lemma block_carrier [simp]: "block dA dC c c' \<sigma> \<in> carrier_mat dA dA"
  and block_dims [simp]: "dim_row (block dA dC c c' \<sigma>) = dA" "dim_col (block dA dC c c' \<sigma>) = dA"
  and block_index [simp]:
    "a < dA \<Longrightarrow> a' < dA \<Longrightarrow> block dA dC c c' \<sigma> $$ (a,a') = \<sigma> $$ (a * dC + c, a' * dC + c')"
  by (simp_all add: block_def)

lemma psd_block:
  assumes p: "psd (dA * dC) \<sigma>" and c: "c < dC"
  shows "psd dA (block dA dC c c \<sigma>)"
  unfolding psd_iff_sesq
proof (intro conjI allI block_carrier)
  fix w :: "nat \<Rightarrow> complex"
  define w' where "w' k = (if k mod dC = c then w (k div dC) else 0)" for k
  have "(\<Sum>l<dA * dC. \<sigma> $$ (k,l) * w' l) = (\<Sum>a'<dA. \<sigma> $$ (k, a' * dC + c) * w a')" for k
    unfolding w'_def
    using sum_mod_eq_select[OF c, where m = dA and g = "\<lambda>l. \<sigma> $$ (k,l) * w (l div dC)"] c
    by (simp add: if_distrib[of "\<lambda>x. _ * x"] cong: if_cong)
  then have "sesq (dA * dC) \<sigma> w' w' = sesq dA (block dA dC c c \<sigma>) w w"
    unfolding sesq_eq_sum_rows w'_def
    using sum_mod_eq_select[OF c, where m = dA
        and g = "\<lambda>k. cnj (w (k div dC)) * (\<Sum>a'<dA. \<sigma> $$ (k, a' * dC + c) * w a')"] c
    by (simp add: if_distrib[of cnj] if_distrib[of "\<lambda>x. x * _"] cong: if_cong)
  then show "Im (sesq dA (block dA dC c c \<sigma>) w w) = 0" "Re (sesq dA (block dA dC c c \<sigma>) w w) \<ge> 0"
    using psd_sesq[OF p, of w'] by simp_all
qed

lemma mtrace_blocks:
  assumes "\<sigma> \<in> carrier_mat (dA * dC) (dA * dC)"
  shows "mtrace \<sigma> = (\<Sum>c<dC. mtrace (block dA dC c c \<sigma>))"
proof -
  have "mtrace \<sigma> = (\<Sum>a<dA. \<Sum>c<dC. \<sigma> $$ (a * dC + c, a * dC + c))"
    unfolding mtrace_def using assms by (simp add: sum_lessThan_mult add.commute)
  also have "\<dots> = (\<Sum>c<dC. mtrace (block dA dC c c \<sigma>))"
    unfolding mtrace_def by (subst sum.swap) simp
  finally show ?thesis .
qed

lemma tensor_id_carrier [simp]: "tensor_id \<Theta> dA dB dC \<sigma> \<in> carrier_mat (dB * dC) (dB * dC)"
  by (simp add: tensor_id_def)

lemma tensor_id_diag:
  assumes "b < dB" "c < dC"
  shows "tensor_id \<Theta> dA dB dC \<sigma> $$ (c + b * dC, c + b * dC) = \<Theta> (block dA dC c c \<sigma>) $$ (b,b)"
  using assms add_mult_less_mult[OF assms(2,1)] by (simp add: tensor_id_def)

lemma block_one: "X \<in> carrier_mat dA dA \<Longrightarrow> block dA 1 0 0 X = X"
  by (intro eq_matI) auto

lemma tensor_id_one:
  assumes "X \<in> carrier_mat dA dA" "\<Theta> X \<in> carrier_mat dB dB"
  shows "tensor_id \<Theta> dA dB 1 X = \<Theta> X"
  using assms block_one[OF assms(1)] by (intro eq_matI) (auto simp: tensor_id_def)

lemma re_mtrace_diagonal_mult:
  assumes M: "psd N M" "diagonal_mat M" and Y: "Y \<in> carrier_mat N N"
  shows "Re (mtrace (M * Y)) = (\<Sum>k<N. Re (M $$ (k,k)) * Re (Y $$ (k,k)))"
proof -
  have Mc: "M \<in> carrier_mat N N" using M(1) by (rule psd_carrier)
  have "(M * Y) $$ (k,k) = (\<Sum>l<N. if l = k then M $$ (k,k) * Y $$ (k,k) else 0)" if "k < N" for k
    unfolding index_mult_mat_sum[OF Mc Y that that]
    by (intro sum.cong refl) (use M(2) Mc that in \<open>auto simp: diagonal_mat_def\<close>)
  then show ?thesis
    unfolding mtrace_def using Mc psd_diag(1)[OF M(1)] by (simp add: Re_sum)
qed

section \<open>Success probability of an incoherent strategy\<close>

lemma
  assumes "channel dA dB \<Theta>"
  shows channel_carrier: "X \<in> carrier_mat dA dA \<Longrightarrow> \<Theta> X \<in> carrier_mat dB dB"
    and channel_add: "X \<in> carrier_mat dA dA \<Longrightarrow> Y \<in> carrier_mat dA dA \<Longrightarrow> \<Theta> (X + Y) = \<Theta> X + \<Theta> Y"
    and channel_scale: "X \<in> carrier_mat dA dA \<Longrightarrow> \<Theta> (a \<cdot>\<^sub>m X) = a \<cdot>\<^sub>m \<Theta> X"
    and channel_mtrace: "X \<in> carrier_mat dA dA \<Longrightarrow> mtrace (\<Theta> X) = mtrace X"
    and channel_tensor_id_psd: "psd (dA * dC) \<sigma> \<Longrightarrow> psd (dB * dC) (tensor_id \<Theta> dA dB dC \<sigma>)"
  using assms unfolding channel_def by blast+

lemma channel_psd:
  assumes "channel dA dB \<Theta>" and "psd dA X"
  shows "psd dB (\<Theta> X)"
proof -
  have "X \<in> carrier_mat dA dA" using assms(2) by (rule psd_carrier)
  then have "tensor_id \<Theta> dA dB 1 X = \<Theta> X"
    by (intro tensor_id_one channel_carrier[OF assms(1)])
  then show ?thesis
    using channel_tensor_id_psd[OF assms(1), of 1 X] assms(2) by simp
qed

lemma channel_sum_blocks_diag:
  assumes "channel dA dB \<Theta>" and "density (dA * dC) \<sigma>"
  shows "(\<Sum>b<dB. \<Sum>c<dC. Re (\<Theta> (block dA dC c c \<sigma>) $$ (b,b))) = 1"
proof -
  have \<sigma>: "\<sigma> \<in> carrier_mat (dA * dC) (dA * dC)" and "mtrace \<sigma> = 1"
    using assms(2) by (auto simp: density_def psd_carrier)
  have "(\<Sum>b<dB. \<Sum>c<dC. Re (\<Theta> (block dA dC c c \<sigma>) $$ (b,b)))
      = (\<Sum>c<dC. Re (mtrace (\<Theta> (block dA dC c c \<sigma>))))"
    unfolding mtrace_def using carrier_matD(1)[OF channel_carrier[OF assms(1) block_carrier]]
    by (subst sum.swap) (simp add: Re_sum)
  also have "\<dots> = Re (mtrace \<sigma>)"
    unfolding mtrace_blocks[OF \<sigma>] by (simp add: Re_sum channel_mtrace[OF assms(1)])
  finally show ?thesis
    using \<open>mtrace \<sigma> = 1\<close> by simp
qed

lemma re_mtrace_mult_tensor_id:
  assumes "psd (dB * dC) M" "diagonal_mat M"
  shows "Re (mtrace (M * tensor_id \<Theta> dA dB dC \<sigma>))
    = (\<Sum>b<dB. \<Sum>c<dC. Re (M $$ (c + b * dC, c + b * dC)) * Re (\<Theta> (block dA dC c c \<sigma>) $$ (b,b)))"
  unfolding re_mtrace_diagonal_mult[OF assms tensor_id_carrier] sum_lessThan_mult
  by (intro sum.cong refl) (simp add: tensor_id_diag)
+-------+
EXERCISE INSTRUCTIONS:
Recopy the records without any alteration.

TASK ANSWER:
lemma block_carrier [simp]: "block dA dC c c' \<sigma> \<in> carrier_mat dA dA"
  and block_dims [simp]: "dim_row (block dA dC c c' \<sigma>) = dA" "dim_col (block dA dC c c' \<sigma>) = dA"
  and block_index [simp]:
    "a < dA \<Longrightarrow> a' < dA \<Longrightarrow> block dA dC c c' \<sigma> $$ (a,a') = \<sigma> $$ (a * dC + c, a' * dC + c')"
  by (simp_all add: block_def)

lemma psd_block:
  assumes p: "psd (dA * dC) \<sigma>" and c: "c < dC"
  shows "psd dA (block dA dC c c \<sigma>)"
  unfolding psd_iff_sesq
proof (intro conjI allI block_carrier)
  fix w :: "nat \<Rightarrow> complex"
  define w' where "w' k = (if k mod dC = c then w (k div dC) else 0)" for k
  have "(\<Sum>l<dA * dC. \<sigma> $$ (k,l) * w' l) = (\<Sum>a'<dA. \<sigma> $$ (k, a' * dC + c) * w a')" for k
    unfolding w'_def
    using sum_mod_eq_select[OF c, where m = dA and g = "\<lambda>l. \<sigma> $$ (k,l) * w (l div dC)"] c
    by (simp add: if_distrib[of "\<lambda>x. _ * x"] cong: if_cong)
  then have "sesq (dA * dC) \<sigma> w' w' = sesq dA (block dA dC c c \<sigma>) w w"
    unfolding sesq_eq_sum_rows w'_def
    using sum_mod_eq_select[OF c, where m = dA
        and g = "\<lambda>k. cnj (w (k div dC)) * (\<Sum>a'<dA. \<sigma> $$ (k, a' * dC + c) * w a')"] c
    by (simp add: if_distrib[of cnj] if_distrib[of "\<lambda>x. x * _"] cong: if_cong)
  then show "Im (sesq dA (block dA dC c c \<sigma>) w w) = 0" "Re (sesq dA (block dA dC c c \<sigma>) w w) \<ge> 0"
    using psd_sesq[OF p, of w'] by simp_all
qed

lemma mtrace_blocks:
  assumes "\<sigma> \<in> carrier_mat (dA * dC) (dA * dC)"
  shows "mtrace \<sigma> = (\<Sum>c<dC. mtrace (block dA dC c c \<sigma>))"
proof -
  have "mtrace \<sigma> = (\<Sum>a<dA. \<Sum>c<dC. \<sigma> $$ (a * dC + c, a * dC + c))"
    unfolding mtrace_def using assms by (simp add: sum_lessThan_mult add.commute)
  also have "\<dots> = (\<Sum>c<dC. mtrace (block dA dC c c \<sigma>))"
    unfolding mtrace_def by (subst sum.swap) simp
  finally show ?thesis .
qed

lemma tensor_id_carrier [simp]: "tensor_id \<Theta> dA dB dC \<sigma> \<in> carrier_mat (dB * dC) (dB * dC)"
  by (simp add: tensor_id_def)

lemma tensor_id_diag:
  assumes "b < dB" "c < dC"
  shows "tensor_id \<Theta> dA dB dC \<sigma> $$ (c + b * dC, c + b * dC) = \<Theta> (block dA dC c c \<sigma>) $$ (b,b)"
  using assms add_mult_less_mult[OF assms(2,1)] by (simp add: tensor_id_def)

lemma block_one: "X \<in> carrier_mat dA dA \<Longrightarrow> block dA 1 0 0 X = X"
  by (intro eq_matI) auto

lemma tensor_id_one:
  assumes "X \<in> carrier_mat dA dA" "\<Theta> X \<in> carrier_mat dB dB"
  shows "tensor_id \<Theta> dA dB 1 X = \<Theta> X"
  using assms block_one[OF assms(1)] by (intro eq_matI) (auto simp: tensor_id_def)

lemma re_mtrace_diagonal_mult:
  assumes M: "psd N M" "diagonal_mat M" and Y: "Y \<in> carrier_mat N N"
  shows "Re (mtrace (M * Y)) = (\<Sum>k<N. Re (M $$ (k,k)) * Re (Y $$ (k,k)))"
proof -
  have Mc: "M \<in> carrier_mat N N" using M(1) by (rule psd_carrier)
  have "(M * Y) $$ (k,k) = (\<Sum>l<N. if l = k then M $$ (k,k) * Y $$ (k,k) else 0)" if "k < N" for k
    unfolding index_mult_mat_sum[OF Mc Y that that]
    by (intro sum.cong refl) (use M(2) Mc that in \<open>auto simp: diagonal_mat_def\<close>)
  then show ?thesis
    unfolding mtrace_def using Mc psd_diag(1)[OF M(1)] by (simp add: Re_sum)
qed

section \<open>Success probability of an incoherent strategy\<close>

lemma
  assumes "channel dA dB \<Theta>"
  shows channel_carrier: "X \<in> carrier_mat dA dA \<Longrightarrow> \<Theta> X \<in> carrier_mat dB dB"
    and channel_add: "X \<in> carrier_mat dA dA \<Longrightarrow> Y \<in> carrier_mat dA dA \<Longrightarrow> \<Theta> (X + Y) = \<Theta> X + \<Theta> Y"
    and channel_scale: "X \<in> carrier_mat dA dA \<Longrightarrow> \<Theta> (a \<cdot>\<^sub>m X) = a \<cdot>\<^sub>m \<Theta> X"
    and channel_mtrace: "X \<in> carrier_mat dA dA \<Longrightarrow> mtrace (\<Theta> X) = mtrace X"
    and channel_tensor_id_psd: "psd (dA * dC) \<sigma> \<Longrightarrow> psd (dB * dC) (tensor_id \<Theta> dA dB dC \<sigma>)"
  using assms unfolding channel_def by blast+

lemma channel_psd:
  assumes "channel dA dB \<Theta>" and "psd dA X"
  shows "psd dB (\<Theta> X)"
proof -
  have "X \<in> carrier_mat dA dA" using assms(2) by (rule psd_carrier)
  then have "tensor_id \<Theta> dA dB 1 X = \<Theta> X"
    by (intro tensor_id_one channel_carrier[OF assms(1)])
  then show ?thesis
    using channel_tensor_id_psd[OF assms(1), of 1 X] assms(2) by simp
qed

lemma channel_sum_blocks_diag:
  assumes "channel dA dB \<Theta>" and "density (dA * dC) \<sigma>"
  shows "(\<Sum>b<dB. \<Sum>c<dC. Re (\<Theta> (block dA dC c c \<sigma>) $$ (b,b))) = 1"
proof -
  have \<sigma>: "\<sigma> \<in> carrier_mat (dA * dC) (dA * dC)" and "mtrace \<sigma> = 1"
    using assms(2) by (auto simp: density_def psd_carrier)
  have "(\<Sum>b<dB. \<Sum>c<dC. Re (\<Theta> (block dA dC c c \<sigma>) $$ (b,b)))
      = (\<Sum>c<dC. Re (mtrace (\<Theta> (block dA dC c c \<sigma>))))"
    unfolding mtrace_def using carrier_matD(1)[OF channel_carrier[OF assms(1) block_carrier]]
    by (subst sum.swap) (simp add: Re_sum)
  also have "\<dots> = Re (mtrace \<sigma>)"
    unfolding mtrace_blocks[OF \<sigma>] by (simp add: Re_sum channel_mtrace[OF assms(1)])
  finally show ?thesis
    using \<open>mtrace \<sigma> = 1\<close> by simp
qed

lemma re_mtrace_mult_tensor_id:
  assumes "psd (dB * dC) M" "diagonal_mat M"
  shows "Re (mtrace (M * tensor_id \<Theta> dA dB dC \<sigma>))
    = (\<Sum>b<dB. \<Sum>c<dC. Re (M $$ (c + b * dC, c + b * dC)) * Re (\<Theta> (block dA dC c c \<sigma>) $$ (b,b)))"
  unfolding re_mtrace_diagonal_mult[OF assms tensor_id_carrier] sum_lessThan_mult
  by (intro sum.cong refl) (simp add: tensor_id_diag)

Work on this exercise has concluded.